Angela Bull feels that The Painted Garden is "an ambitious enterprise which, in the end, disappoints through being overloaded with excessive adulation for everything American. ... [W]hen the Hollywood romance and fervid travel writing are stripped away, the disquieting truth that Noel was merely repeating old themes and old stories is laid bare" (1984:195). To some extent, Nancy Huse (1994) appears to agree with this, viewing it as a re-worked Tennis Shoes. However, as mentioned above, although there may be superficial similarities, the three Winter children are distinctly different from the Heaths. Similarly, while Peaseblossom fills the same "mother's help" role as Pinny, she has a very different background and (except when suffering the effects of sea sickness) is far less ineffectual.

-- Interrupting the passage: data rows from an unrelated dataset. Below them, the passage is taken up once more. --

text \<open>eta_j(e): number of delta-instances whose j-th edge (j counted from 1) is e.\<close>
definition eta :: "'v tedge set \<Rightarrow> ('m \<times> 'm) list \<Rightarrow> real \<Rightarrow> nat \<Rightarrow> 'v tedge \<Rightarrow> nat" where
  "eta E Mo \<delta> j e = card {I \<in> delta_instances E Mo \<delta>. I ! (j - 1) = e}"

end

theory Submission
  imports Defs
begin

text \<open>Up to the factor \<open>3pq\<close> the estimator is \<open>F = \<Sum> \<eta>(W\<^sub>e\<^sub>,\<^sub>j\<^sub>,\<^sub>g) \<omega>\<^sub>e \<omega>\<^sub>e\<^sub>,\<^sub>j\<^sub>,\<^sub>g\<close>.
  Its values lie in \<open>[0, S]\<close>, where \<open>S\<close> is the total weight, and
  \<open>S = \<Sum>\<^sub>j \<Sum>\<^sub>e \<eta>\<^sub>j(e) = 3 C\<^sub>M\<close> because each instance has exactly one \<open>j\<close>-th edge. Independence
  is needed only to get \<open>P(\<omega>\<^sub>e \<and> \<omega>\<^sub>e\<^sub>,\<^sub>j\<^sub>,\<^sub>g) = pq\<close>, hence \<open>E F = pq S\<close>: no covariances need to be
  controlled, since every random variable with values in \<open>[0, S]\<close> has
  \<open>Var F \<le> E F \<cdot> (S - E F) = pq (1 - pq) S\<^sup>2\<close>.\<close>

lemma sum_sum_sum_Sigma:
  assumes "finite A" "finite J" "\<And>a j. a \<in> A \<Longrightarrow> j \<in> J \<Longrightarrow> finite (B a j)"
  shows "(\<Sum>a\<in>A. \<Sum>j\<in>J. \<Sum>b\<in>B a j. f a j b)
    = (\<Sum>(a, j, b)\<in>Sigma A (\<lambda>a. Sigma J (B a)). f a j b)"
proof -
  have "(\<Sum>a\<in>A. \<Sum>j\<in>J. \<Sum>b\<in>B a j. f a j b) = (\<Sum>a\<in>A. \<Sum>(j, b)\<in>Sigma J (B a). f a j b)"
    using assms by (intro sum.cong[OF refl] sum.Sigma) auto
  also have "\<dots> = (\<Sum>(a, j, b)\<in>Sigma A (\<lambda>a. Sigma J (B a)). f a j b)"
    using assms by (intro sum.Sigma) auto
  finally show ?thesis .
qed

lemma sum_eta_eq_motif_count:
  assumes "finite E" "1 \<le> j" "j \<le> length Mo"
  shows "(\<Sum>e\<in>E. eta E Mo \<delta> j e) = motif_count E Mo \<delta>"
proof -
  let ?D = "delta_instances E Mo \<delta>"
  have D: "set I \<subseteq> E \<and> length I = length Mo" if "I \<in> ?D" for I
    using that by (simp add: delta_instances_def)
  have fin: "finite ?D"
    by (rule finite_subset[OF _ finite_lists_length_eq[OF \<open>finite E\<close>, of "length Mo"]])
      (use D in blast)
  have img: "(\<lambda>I. I ! (j - 1)) ` ?D \<subseteq> E"
  proof (rule image_subsetI)
    fix I assume "I \<in> ?D"
    with D assms(2,3) have "I ! (j - 1) \<in> set I" "set I \<subseteq> E" by auto
    then show "I ! (j - 1) \<in> E" by blast
  qed
  have "(\<Sum>e\<in>E. \<Sum>I\<in>{I \<in> ?D. I ! (j - 1) = e}. 1) = (\<Sum>I\<in>?D. 1::nat)"
    by (rule sum.group[OF fin \<open>finite E\<close> img])
  then show ?thesis by (simp add: eta_def motif_count_def)
qed

lemma sum_wedge_counts_eq_three_motif_count:
  assumes "finite E" "length Mo = 3"
    and "\<And>e j. e \<in> E \<Longrightarrow> j \<in> {1,2,3} \<Longrightarrow> (\<Sum>g\<in>Ej e j. etaW e j g) = eta E Mo \<delta> j e"
  shows "(\<Sum>e\<in>E. \<Sum>j\<in>{1,2,3::nat}. \<Sum>g\<in>Ej e j. etaW e j g) = 3 * motif_count E Mo \<delta>"
proof -
  have "(\<Sum>e\<in>E. \<Sum>j\<in>{1,2,3::nat}. \<Sum>g\<in>Ej e j. etaW e j g)
      = (\<Sum>e\<in>E. \<Sum>j\<in>{1,2,3::nat}. eta E Mo \<delta> j e)"
    using assms(3) by (intro sum.cong[OF refl]) auto
  also have "\<dots> = (\<Sum>j\<in>{1,2,3::nat}. \<Sum>e\<in>E. eta E Mo \<delta> j e)"
    by (rule sum.swap)
  also have "\<dots> = (\<Sum>j\<in>{1,2,3::nat}. motif_count E Mo \<delta>)"
    using assms(1,2) by (intro sum.cong[OF refl] sum_eta_eq_motif_count) auto
  also have "\<dots> = 3 * motif_count E Mo \<delta>"
    by simp
  finally show ?thesis .
qed

lemma (in prob_space) prob_bernoulli_True:
  assumes "random_variable (count_space UNIV) X"
    and "distr M (count_space UNIV) X = measure_pmf (bernoulli_pmf p)" "0 \<le> p" "p \<le> 1"
  shows "prob {x \<in> space M. X x} = p"
proof -
  have "prob {x \<in> space M. X x} = measure (distr M (count_space UNIV) X) {True}"
    using assms(1) by (subst measure_distr) (auto intro!: arg_cong[where f=prob])
  then show ?thesis using assms(2-4) by (simp add: measure_pmf_single)
qed

lemma (in prob_space) prob_conj_indep_vars:
  assumes "indep_vars (\<lambda>_. count_space UNIV) X I" "i \<in> I" "j \<in> I" "i \<noteq> j"
  shows "prob {x \<in> space M. X i x \<and> X j x}
       = prob {x \<in> space M. X i x} * prob {x \<in> space M. X j x}"
proof -
  have "prob (\<Inter>k\<in>{i, j}. X k -` {True} \<inter> space M)
      = (\<Prod>k\<in>{i, j}. prob (X k -` {True} \<inter> space M))"
    using assms by (intro indep_varsD) auto
  moreover have "(\<Inter>k\<in>{i, j}. X k -` {True} \<inter> space M) = {x \<in> space M. X i x \<and> X j x}" by auto
  moreover have "X k -` {True} \<inter> space M = {x \<in> space M. X k x}" for k by auto
  ultimately show ?thesis using assms(4) by simp
qed
(* Let $f(z)=e^z$. If $U,V\subset\mathbb{C}$ are nonempty and open, then there exists $n\geq 0$ such that $f^n(U)\cap V\neq\emptyset$.
   Context: $f^n$ denotes the $n$-th iterate of $f$. *)

theory Defs
  imports "HOL-Analysis.Analysis"
begin

end

theory Submission
  imports Defs "HOL-Complex_Analysis.Complex_Analysis"
begin

text \<open>Every disc \<open>B(a, s)\<close> contains a point with a real iterate. Otherwise all iterates of
  \<open>B(a, s)\<close> avoid the lines \<open>Im z \<in> \<pi>\<int>\<close>, which \<open>exp\<close> maps into \<open>\<real>\<close>; as these lines meet every
  disc of radius 2, Bloch's theorem bounds \<open>|(exp\<^sup>n)'(a)|\<close> by \<open>24/s\<close>. Along the orbit
  \<open>z\<^sub>n = exp\<^sup>n(a)\<close> the ratio \<open>|Im z\<^sub>n| / |(exp\<^sup>n)'(a)|\<close> never increases and shrinks by a fixed
  factor whenever \<open>|Im z\<^sub>n| \<ge> 1/2\<close>, which happens infinitely often (otherwise \<open>Re z\<^sub>n\<close> drifts to
  \<open>+\<infinity>\<close> and then \<open>|Im z\<^sub>n|\<close> doubles at each step). So the ratio tends to 0 while it is at least
  \<open>s/48\<close> infinitely often.

  Near a real point \<open>x\<close>, \<open>exp\<close> maps \<open>B(x, r)\<close> onto a superset of \<open>B(e\<^sup>x, e\<^sup>x r/2)\<close>, so the
  iterates of a real disc contain real discs that move to \<open>+\<infinity>\<close> while their radius grows to 1.
  For large real \<open>c\<close>, \<open>exp \<circ> exp\<close> maps \<open>B(c, 5)\<close> onto a set containing any prescribed nonzero
  value, and every nonempty open set contains a nonzero value.\<close>

lemma cos_ge_one_minus_square_half: "1 - x\<^sup>2 / 2 \<le> cos (x::real)"
proof -
  have "(sin (x/2))\<^sup>2 \<le> (x/2)\<^sup>2"
    using abs_sin_x_le_abs_x[of "x/2"] by (metis abs_le_square_iff)
  then show ?thesis using cos_double_sin[of "x/2"] by (simp add: power_divide)
qed

lemma abs_sin_minus_self_le:
  fixes x :: real
  shows "\<bar>sin x - x\<bar> \<le> \<bar>x\<bar> ^ 3 / 6"
  using Maclaurin_sin_bound[of x "Suc (Suc (Suc 0))"]
  by (simp add: sin_coeff_def power3_eq_cube abs_mult_self_eq mult.assoc)

lemma abs_sin_minus_cubic_le:
  fixes x :: real
  shows "\<bar>sin x - (x - x ^ 3 / 6)\<bar> \<le> \<bar>x\<bar> ^ 4 / 24"
  using Maclaurin_sin_bound[of x "Suc (Suc (Suc (Suc 0)))"]
  by (simp add: sin_coeff_def power3_eq_cube power4_eq_xxxx mult.assoc)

Mary Cadogan and Patricia Craig (You're a Brick, Angela!) view The Painted Garden in a very different light from Bull and Huse, feeling that it "provided a standard which could not easily be maintained" (1976:295). Similarly, Susan Ang, writing in Victor Watson's Cambridge Guide to Children's Books in English, finds it "perhaps the most deeply satisfying of all Streatfeild's books" (2001:680). Ang is particularly interested in the intertextual nature of the work, suggesting that The Painted Garden "does more than merely (re)present other texts within itself. ... As the film-making progresses, the changes that come about in Mary in Burnett's book are duplicated in Jane. ... Being liked and appreciated [by David Doe] makes her 'better not worse', and the conclusion of The Painted Garden reaffirms the meaning of its guest text" (2001:680).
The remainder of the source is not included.